Unveiling a 19-page discussion paper on Friday, Federal Assistant Minister for Infrastructure and Regional Development Jamie Briggs said the framework would place greater emphasis on the contribution of particular infrastructure projects to broader economic benefits such as improved productivity through reduced travel times and costs for freight and business passengers.

According to a recent News Corporation report, one example of developments which could benefit from the changes include tunnelling projects, which would receive greater recognition with regard to how they save urban neighbourhoods from congestion and widespread demolition compared with projects built above the ground. This is the case despite the fact that tunnelling involves greater construction cost.

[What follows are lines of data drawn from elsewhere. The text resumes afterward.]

(* Let $\mathbf A$ be a finite algebra. If $\mathbf A$ has a nontrivial strongly abelian congruence, then $c^s_{\mathbf A}(n)\in 2^{\Omega(n^{1/k})}$ where $k=\lfloor\log_2|A|\rfloor$.
   Context: For a finite algebra $\mathbf A$, $c^s_{\mathbf A}(n)$ is the maximum number of surjective homomorphisms $\mathbf X\to\mathbf A$ over algebras $\mathbf X$ in the signature of $\mathbf A$ with at most $n$ elements. $\mathrm{Clo}_k(\mathbf A)$ is the set of $k$-ary term operations. A congruence $\alpha$ of $\mathbf A$ is strongly abelian if for every $k\ge1$, every $t\in\mathrm{Clo}_k(\mathbf A)$ and all $x_1,\dots,x_k,y_1,\dots,y_k,z_2,\dots,z_k\in A$ with $(x_i,y_i)\in\alpha$ for $1\le i\le k$ and $(y_i,z_i)\in\alpha$ for $2\le i\le k$, $t(x_1,\dots,x_k)=t(y_1,\dots,y_k)$ implies $t(x_1,z_2,\dots,z_k)=t(y_1,z_2,\dots,z_k)$. Nontrivial means different from the equality relation. *)

theory Defs
  imports Complex_Main "HOL-Library.FuncSet"
begin

text \<open>Signature: arity function ar :: 's => nat.  An algebra in this signature is a pair
 (carrier, interpretation of the operation symbols), an operation taking lists of length ar f.\<close>

type_synonym ('a, 's) alg = "'a set \<times> ('s \<Rightarrow> 'a list \<Rightarrow> 'a)"

definition is_algebra :: "('s \<Rightarrow> nat) \<Rightarrow> ('a, 's) alg \<Rightarrow> bool" where
  "is_algebra ar X \<longleftrightarrow>
     (\<forall>f xs. length xs = ar f \<and> set xs \<subseteq> fst X \<longrightarrow> snd X f xs \<in> fst X)"

definition is_hom :: "('s \<Rightarrow> nat) \<Rightarrow> ('a, 's) alg \<Rightarrow> ('b, 's) alg \<Rightarrow> ('a \<Rightarrow> 'b) \<Rightarrow> bool" where
  "is_hom ar X Y h \<longleftrightarrow> h \<in> fst X \<rightarrow> fst Y \<and>
     (\<forall>f xs. length xs = ar f \<and> set xs \<subseteq> fst X \<longrightarrow> h (snd X f xs) = snd Y f (map h xs))"

definition surj_homs :: "('s \<Rightarrow> nat) \<Rightarrow> ('a, 's) alg \<Rightarrow> ('b, 's) alg \<Rightarrow> ('a \<Rightarrow> 'b) set" where
  "surj_homs ar X Y = {h. h \<in> fst X \<rightarrow>\<^sub>E fst Y \<and> is_hom ar X Y h \<and> h ` fst X = fst Y}"

text \<open>c^s_A(n): every algebra with at most n elements is isomorphic to one whose carrier is a
 subset of nat, so we range over those.\<close>
definition cs :: "('s \<Rightarrow> nat) \<Rightarrow> ('b, 's) alg \<Rightarrow> nat \<Rightarrow> nat" where
  "cs ar A n = Sup {card (surj_homs ar X A) | X :: (nat, 's) alg.
                      is_algebra ar X \<and> finite (fst X) \<and> card (fst X) \<le> n}"

text \<open>k-ary term operations of A, as functions on lists (meaningful on lists of length k).\<close>
inductive_set Clo :: "('s \<Rightarrow> nat) \<Rightarrow> ('a, 's) alg \<Rightarrow> nat \<Rightarrow> ('a list \<Rightarrow> 'a) set"
  for ar A k where
  proj: "i < k \<Longrightarrow> (\<lambda>xs. xs ! i) \<in> Clo ar A k"
| app: "length ts = ar f \<Longrightarrow> (\<forall>t\<in>set ts. t \<in> Clo ar A k) \<Longrightarrow>
          (\<lambda>xs. snd A f (map (\<lambda>t. t xs) ts)) \<in> Clo ar A k"

definition is_congruence :: "('s \<Rightarrow> nat) \<Rightarrow> ('a, 's) alg \<Rightarrow> ('a \<times> 'a) set \<Rightarrow> bool" where
  "is_congruence ar A \<alpha> \<longleftrightarrow> equiv (fst A) \<alpha> \<and>
     (\<forall>f xs ys. length xs = ar f \<and> length ys = ar f \<and> set xs \<subseteq> fst A \<and> set ys \<subseteq> fst A \<and>
        (\<forall>i < ar f. (xs ! i, ys ! i) \<in> \<alpha>) \<longrightarrow> (snd A f xs, snd A f ys) \<in> \<alpha>)"

definition strongly_abelian :: "('s \<Rightarrow> nat) \<Rightarrow> ('a, 's) alg \<Rightarrow> ('a \<times> 'a) set \<Rightarrow> bool" where
  "strongly_abelian ar A \<alpha> \<longleftrightarrow>
     (\<forall>k \<ge> 1. \<forall>t \<in> Clo ar A k. \<forall>xs ys zs.
        length xs = k \<and> length ys = k \<and> length zs = k \<and>
        set xs \<subseteq> fst A \<and> set ys \<subseteq> fst A \<and> set zs \<subseteq> fst A \<and>
        (\<forall>i < k. (xs ! i, ys ! i) \<in> \<alpha>) \<and>
        (\<forall>i. 1 \<le> i \<and> i < k \<longrightarrow> (ys ! i, zs ! i) \<in> \<alpha>) \<and>
        t xs = t ys \<longrightarrow>
        t (xs ! 0 # tl zs) = t (ys ! 0 # tl zs))"

end

theory Submission
  imports Defs
begin

text \<open>Fix \<alpha>-related elements \<open>a \<noteq> b\<close> and let \<open>Y\<^sub>m\<close> be the algebra of polynomial functions of
  \<open>A\<close> restricted to the cube \<open>{a, b}\<^sup>m\<close>. Evaluation at the \<open>2\<^sup>m\<close> points of the cube gives
  distinct surjective homomorphisms \<open>Y\<^sub>m \<rightarrow> A\<close>. Strong abelianness lets one move a single
  coordinate of a polynomial independently of the others, so a polynomial with essential
  coordinates \<open>E\<close> is injective on \<open>{a, b}\<^sup>E\<close> (other coordinates fixed); hence
  \<open>|E| \<le> k = \<lfloor>log\<^sub>2 |A|\<rfloor>\<close>, and the polynomial is determined by \<open>E\<close> and this restriction.
  Thus \<open>|Y\<^sub>m| \<le> (m + 1)\<^sup>k |A|\<^bsup>2\<^sup>k\<^esup>\<close>, so \<open>c\<^sup>s\<^sub>A(n) \<ge> 2\<^sup>m\<close> for \<open>n\<close> of order \<open>m\<^sup>k\<close>.\<close>

lemma finite_surj_homs:
  assumes "finite (fst X)" and "finite (fst A)"
  shows "finite (surj_homs ar X A)"
  by (rule finite_subset[of _ "fst X \<rightarrow>\<^sub>E fst A"]) (auto simp: surj_homs_def finite_PiE assms)

lemma bdd_above_card_surj_homs:
  assumes "finite (fst A)"
  shows "bdd_above {card (surj_homs ar X A) | X :: (nat, 's) alg.
                      is_algebra ar X \<and> finite (fst X) \<and> card (fst X) \<le> n}"
proof (rule bdd_aboveI[where M = "Suc (card (fst A)) ^ n"], clarify)
  fix X :: "(nat, 's) alg"
  assume X: "finite (fst X)" "card (fst X) \<le> n"
  have "card (surj_homs ar X A) \<le> card (fst X \<rightarrow>\<^sub>E fst A)"
    by (rule card_mono) (auto simp: surj_homs_def finite_PiE assms X)
  also have "\<dots> = card (fst A) ^ card (fst X)" using X by (simp add: card_PiE)
  also have "\<dots> \<le> Suc (card (fst A)) ^ card (fst X)" by (simp add: power_mono)
  also have "\<dots> \<le> Suc (card (fst A)) ^ n" using X by (simp add: power_increasing)
  finally show "card (surj_homs ar X A) \<le> Suc (card (fst A)) ^ n" .
qed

Under another example, The Australian newspaper reported that the final stage of making the Pacific Highway a duel carriageway in difficult terrain around Ballina on the Northern New South Wales coast may not meet cost benefit assessment guidelines on its own but would satisfy the criteria in the context of having duel carriageway extending from Melbourne to Brisbane.

Briggs said the Australian Bureau of Statistics was working on ways to improve the estimation of these types of benefits so they can be incorporated into project appraisal where necessary.

Release of the paper comes as the Abbott government tries to fulfil its program of improving national infrastructure, which include splurging more than $50 billion in new public asset developments over the next six years as well as overhauling the governance structure of Infrastructure Australia – which was re-born from a legal perspective on September 1 as a separate, independent body with a new board.

In a statement, Briggs said the guidelines would lead to a more holistic approach to development assessment.

“This framework will lead to more transparent decision making with major projects selected based on a broader range of factors that better reflect community expectations and achieve value for taxpayer’s money,” he said.

Feedback on the proposed framework can be submitted up until October 3.